FSF3730 Integrable Systems 7.5 credits

The course covers

• The Projection Method of Olshanetsky and Perelomov

• Classical Integrability of the Calogero-Moser systems

• Solution of a Quantum Mechanical N-Body Problem

• Algebraic Approach to x^2 + α/x^2 Interactions

• Some Hamiltonian Mechanics

• The Classical Non-Periodic Toda Lattice

• r-Matrices and Yang Baxter Equations

• Integrable Systems and gl(∞)

• Infinite Dimensional Toda Systems

• Integrable Field Theories from Poisson Algebras

• Generalized Garnier Systems and Membranes

• Differential Lax Operators, Spectral Transform and Solitons

After passing the course the students will understand, and are able to apply, the theory of finite-dimensional Hamiltonian systems, the spectral transform and solitons, and relativistic minimal surfaces.

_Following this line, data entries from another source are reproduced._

(* Assume the standing setting and Assumptions (A1)–(A2) described in the context, and fix $\xi\in L^2_{\mathcal{F}_{N-1}}(\Omega;\mathbb{R}^n)$. Then for every $u\in\mathcal{U}$ the map $u\mapsto\mathcal{J}(N,\xi;u)$ is Fréchet differentiable at $u$, and its derivative $\mathcal{J}'(N,\xi;u)$ satisfies $[[\mathcal{J}'(N,\xi;u),v]]=[[\mathcal{A}u+\mathcal{B}\xi+\mathbf{a},v]]$ for all $v\in\mathcal{U}$, where $\mathcal{A}=\mathcal{L}_0^*G_0\mathcal{L}_0+\mathcal{L}_1^*\Phi^*Q\Phi\mathcal{L}_1+\mathcal{L}_1^*\Phi^*S^\top+S\Phi\mathcal{L}_1+R$, $\mathcal{B}=\mathcal{L}_0^*G_0\mathcal{I}_0+\mathcal{L}_1^*\Phi^*Q\Phi\mathcal{I}_1+S\Phi\mathcal{I}_1$, and $\mathbf{a}=\mathcal{L}_0^*G_0\mathcal{Q}_0+\mathcal{L}_1^*\Phi^*Q\Phi\mathcal{Q}_1+\mathcal{L}_1^*\Phi^*\eta+S\Phi\mathcal{Q}_1+\rho$.
   Context: Fix integers $N\ge 1$, $n,m\ge1$, and let $\mathcal{T}=\{0,1,\dots,N-1\}$. Let $(\Omega,\mathcal{F},\mathbb{P})$ be a complete probability space carrying a scalar random sequence $\{\omega_k\}_{k\in\mathcal{T}}$; let $\mathcal{F}_k=\sigma\{\omega_0,\dots,\omega_k\}$ ($\mathbb{P}$-completed), $\mathcal{F}_{-1}$ trivial, and assume $\mathbb{E}[\omega_k\mid\mathcal{F}_{k-1}]=0$, $\mathbb{E}[\omega_k^2\mid\mathcal{F}_{k-1}]=1$ for $k\in\mathcal{T}$. $\mathbb{E}_{k-1}[\cdot]=\mathbb{E}[\cdot\mid\mathcal{F}_{k-1}]$. $L^2_{\mathcal{F}_{j}}(\Omega;\mathbb{R}^n)$ = square-integrable $\mathcal{F}_j$-measurable $\mathbb{R}^n$-valued random variables; $L^2_{\mathbb{F}}(\mathcal{T};\mathbb{R}^d)$ = processes $(h_k)_{k\in\mathcal{T}}$ with $h_k$ $\mathcal{F}_{k-1}$-measurable and $\mathbb{E}\sum_k|h_k|^2<\infty$. $\mathcal{U}=L^2_{\mathbb{F}}(\mathcal{T};\mathbb{R}^m)$. Assumption (A1): $A_k,C_k\in\mathbb{R}^{n\times n}$, $B_k\in\mathbb{R}^{n\times m}$ deterministic, $q\in L^2_{\mathbb{F}}(\mathcal{T};\mathbb{R}^n)$. Assumption (A2): $G_0\in\mathbb{S}^n$, $Q_k\in\mathbb{S}^n$, $R_k\in\mathbb{S}^m$, $S_k\in\mathbb{R}^{m\times n}$ deterministic; $\eta\in L^2_{\mathbb{F}}(\mathcal{T};\mathbb{R}^n)$, $\rho\in L^2_{\mathbb{F}}(\mathcal{T};\mathbb{R}^m)$. State equation: $y_k=A_k\mathbb{E}_{k-1}[y_{k+1}]+B_ku_k+C_k\mathbb{E}_{k-1}[y_{k+1}\omega_k]+q_k$ ($k\in\mathcal{T}$), $y_N=\xi$; under (A1) it has a unique adapted square-integrable solution $y^{(\xi,u)}$ depending boundedly and affinely on $(\xi,u,q)$. Cost: $\mathcal{J}(N,\xi;u)=\frac12\mathbb{E}\{\langle G_0y_0,y_0\rangle+\sum_{k=0}^{N-1}[\langle Q_k\bar y_k,\bar y_k\rangle+2\langle S_k\bar y_k,u_k\rangle+\langle R_ku_k,u_k\rangle+2\langle\eta_k,\bar y_k\rangle+2\langle\rho_k,u_k\rangle]\}$ with $\bar y_k=\mathbb{E}_{k-1}[y_{k+1}]$, $y=y^{(\xi,u)}$. Operators: let $\mathscr{X}_{-1}=L^2_{\mathcal{F}_{-1}}(\Omega;\mathbb{R}^n)$, $\mathscr{X}_{N-1}=L^2_{\mathcal{F}_{N-1}}(\Omega;\mathbb{R}^n)$ (inner product $\mathbb{E}\langle X,Y\rangle$), $\mathscr{Z}=L^2_{\mathbb{F}}(\mathcal{T};\mathbb{R}^n)$, $\mathscr{Y}$ = processes $(\phi_k)_{k\in\mathcal{T}}$ with $\phi_k$ $\mathcal{F}_k$-measurable and $\mathbb{E}\sum|\phi_k|^2<\infty$; on $\mathscr{Y},\mathscr{Z},\mathcal{U}$ use $[[\phi,\psi]]=\mathbb{E}\sum_{k=0}^{N-1}\langle\phi_k,\psi_k\rangle$. Let $y^\xi$ solve the state equation with terminal $\xi$, zero control, $q=0$; $y^u$ with terminal $0$, control $u$, $q=0$; $y^0$ with terminal $0$, zero control and the given $q$. Define $\mathcal{I}_0\xi=y^\xi_0$, $(\mathcal{I}_1\xi)_k=y^\xi_{k+1}$; $\mathcal{L}_0u=y^u_0$, $(\mathcal{L}_1u)_k=y^u_{k+1}$; $\mathcal{Q}_0=y^0_0\in\mathscr{X}_{-1}$, $(\mathcal{Q}_1)_k=y^0_{k+1}$ (so $\mathcal{Q}_1\in\mathscr{Y}$); $\Phi:\mathscr{Y}\to\mathscr{Z}$, $(\Phi\phi)_k=\mathbb{E}_{k-1}[\phi_k]$; pointwise multiplication operators $(Q\phi)_k=Q_k\phi_k$ on $\mathscr{Z}$, $(S\phi)_k=S_k\phi_k$ from $\mathscr{Z}$ to $\mathcal{U}$, $(S^\top u)_k=S_k^\top u_k$ from $\mathcal{U}$ to $\mathscr{Z}$, $(Ru)_k=R_ku_k$ on $\mathcal{U}$; $G_0$ acts on $\mathscr{X}_{-1}$ by multiplication. All are bounded linear; ${}^*$ denotes Hilbert-space adjoint. $\eta,\rho$ are regarded as elements of $\mathscr{Z}$ and $\mathcal{U}$. *)

theory Defs
  imports "HOL-Probability.Probability"
begin

text \<open>Index shift: filt M w j is the P-completed sigma-algebra generated by w 0, ..., w (j-1);
  hence filt M w (Suc k) = F_k and filt M w k = F_(k-1), filt M w 0 = F_(-1).\<close>

definition filt :: "'a measure \<Rightarrow> (nat \<Rightarrow> 'a \<Rightarrow> real) \<Rightarrow> nat \<Rightarrow> 'a measure" where
  "filt M w j = sigma (space M)
     ({w i -` B \<inter> space M | i B. i < j \<and> B \<in> sets borel} \<union> null_sets M)"

definition cexp :: "'a measure \<Rightarrow> 'a measure \<Rightarrow> ('a \<Rightarrow> real^'d) \<Rightarrow> 'a \<Rightarrow> real^'d" where
  "cexp M F X = (\<lambda>x. \<chi> i. real_cond_exp M F (\<lambda>y. X y $ i) x)"

definition sqint :: "'a measure \<Rightarrow> 'a measure \<Rightarrow> ('a \<Rightarrow> real^'d) \<Rightarrow> bool" where
  "sqint M F X \<longleftrightarrow> X \<in> borel_measurable F \<and> integrable M (\<lambda>x. (norm (X x))\<^sup>2)"

text \<open>L^2_F(T;R^d): predictable processes (h_k is F_(k-1)-measurable), k < N.\<close>
definition predL2 :: "'a measure \<Rightarrow> (nat \<Rightarrow> 'a \<Rightarrow> real) \<Rightarrow> nat \<Rightarrow> (nat \<Rightarrow> 'a \<Rightarrow> real^'d) \<Rightarrow> bool" where
  "predL2 M w N h \<longleftrightarrow> (\<forall>k<N. sqint M (filt M w k) (h k))"

text \<open>The space Y: adapted processes (phi_k is F_k-measurable), k < N.\<close>
definition adaptL2 :: "'a measure \<Rightarrow> (nat \<Rightarrow> 'a \<Rightarrow> real) \<Rightarrow> nat \<Rightarrow> (nat \<Rightarrow> 'a \<Rightarrow> real^'d) \<Rightarrow> bool" where
  "adaptL2 M w N h \<longleftrightarrow> (\<forall>k<N. sqint M (filt M w (Suc k)) (h k))"

definition ipp :: "'a measure \<Rightarrow> nat \<Rightarrow> (nat \<Rightarrow> 'a \<Rightarrow> real^'d) \<Rightarrow> (nat \<Rightarrow> 'a \<Rightarrow> real^'d) \<Rightarrow> real" where
  "ipp M N f g = (\<integral>x. (\<Sum>k<N. inner (f k x) (g k x)) \<partial>M)"

definition ipx :: "'a measure \<Rightarrow> ('a \<Rightarrow> real^'d) \<Rightarrow> ('a \<Rightarrow> real^'d) \<Rightarrow> real" where
  "ipx M X Y = (\<integral>x. inner (X x) (Y x) \<partial>M)"

text \<open>Hilbert-space adjoint: T maps the domain D (inner product ipD) into a space with
  inner product ipC; adj gives, for x in the codomain, an element z of D with
  ipD z v = ipC x (T v) for all v in D (unique up to null elements).\<close>
definition hadj :: "'b set \<Rightarrow> ('b \<Rightarrow> 'b \<Rightarrow> real) \<Rightarrow> ('c \<Rightarrow> 'c \<Rightarrow> real) \<Rightarrow> ('b \<Rightarrow> 'c) \<Rightarrow> 'c \<Rightarrow> 'b" where
  "hadj D ipD ipC T x = (SOME z. z \<in> D \<and> (\<forall>v\<in>D. ipD z v = ipC x (T v)))"

definition is_sol :: "'a measure \<Rightarrow> (nat \<Rightarrow> 'a \<Rightarrow> real) \<Rightarrow> nat
   \<Rightarrow> (nat \<Rightarrow> real^'n^'n) \<Rightarrow> (nat \<Rightarrow> real^'m^'n) \<Rightarrow> (nat \<Rightarrow> real^'n^'n)
   \<Rightarrow> (nat \<Rightarrow> 'a \<Rightarrow> real^'n) \<Rightarrow> ('a \<Rightarrow> real^'n) \<Rightarrow> (nat \<Rightarrow> 'a \<Rightarrow> real^'m)
   \<Rightarrow> (nat \<Rightarrow> 'a \<Rightarrow> real^'n) \<Rightarrow> bool" where
  "is_sol M w N A B C q xi u y \<longleftrightarrow>
     (\<forall>k<N. sqint M (filt M w (Suc k)) (y k)) \<and> sqint M (filt M w N) (y N) \<and>
     (AE x in M. y N x = xi x) \<and>
     (\<forall>k<N. AE x in M. y k x =
        A k *v cexp M (filt M w k) (y (Suc k)) x + B k *v u k x
        + C k *v cexp M (filt M w k) (\<lambda>z. w k z *\<^sub>R y (Suc k) z) x + q k x)"

definition sol :: "'a measure \<Rightarrow> (nat \<Rightarrow> 'a \<Rightarrow> real) \<Rightarrow> nat
   \<Rightarrow> (nat \<Rightarrow> real^'n^'n) \<Rightarrow> (nat \<Rightarrow> real^'m^'n) \<Rightarrow> (nat \<Rightarrow> real^'n^'n)
   \<Rightarrow> (nat \<Rightarrow> 'a \<Rightarrow> real^'n) \<Rightarrow> ('a \<Rightarrow> real^'n) \<Rightarrow> (nat \<Rightarrow> 'a \<Rightarrow> real^'m)
   \<Rightarrow> nat \<Rightarrow> 'a \<Rightarrow> real^'n" where
  "sol M w N A B C q xi u = (SOME y. is_sol M w N A B C q xi u y)"

definition cost :: "'a measure \<Rightarrow> (nat \<Rightarrow> 'a \<Rightarrow> real) \<Rightarrow> nat
   \<Rightarrow> (nat \<Rightarrow> real^'n^'n) \<Rightarrow> (nat \<Rightarrow> real^'m^'n) \<Rightarrow> (nat \<Rightarrow> real^'n^'n)
   \<Rightarrow> (nat \<Rightarrow> 'a \<Rightarrow> real^'n)
   \<Rightarrow> real^'n^'n \<Rightarrow> (nat \<Rightarrow> real^'n^'n) \<Rightarrow> (nat \<Rightarrow> real^'n^'m) \<Rightarrow> (nat \<Rightarrow> real^'m^'m)
   \<Rightarrow> (nat \<Rightarrow> 'a \<Rightarrow> real^'n) \<Rightarrow> (nat \<Rightarrow> 'a \<Rightarrow> real^'m)
   \<Rightarrow> ('a \<Rightarrow> real^'n) \<Rightarrow> (nat \<Rightarrow> 'a \<Rightarrow> real^'m) \<Rightarrow> real" where
  "cost M w N A B C q G0 Q S R eta rho xi u =
     (let y = sol M w N A B C q xi u;
          yb = (\<lambda>k. cexp M (filt M w k) (y (Suc k)))
      in (1/2) * (\<integral>x. inner (G0 *v y 0 x) (y 0 x)
           + (\<Sum>k<N. inner (Q k *v yb k x) (yb k x) + 2 * inner (S k *v yb k x) (u k x)
                 + inner (R k *v u k x) (u k x) + 2 * inner (eta k x) (yb k x)
                 + 2 * inner (rho k x) (u k x)) \<partial>M))"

A Master degree including at least 30 university credits (hp) in in Mathematics.

Jens Hoppe: Lectures on Integrable Systems. Springer Lecture Notes in Physics m10 1992, ISBN: 978-3-540-55700-5 (Print), 978-3-540-47274-2 (Online)

Based on recommendation from KTH’s coordinator for disabilities, the examiner will decide how to adapt an examination for students with documented disability.

The examiner may apply another examination format when re-examining individual students.

If the course is discontinued, students may request to be examined during the following two academic years.

Homework and an oral examination at the end of the course.

 Approved homework and examination.

• All members of a group are responsible for the group's work.
• In any assessment, every student shall honestly disclose any help received and sources used.
• In an oral assessment, every student shall be able to present and answer questions about the entire assignment and solution.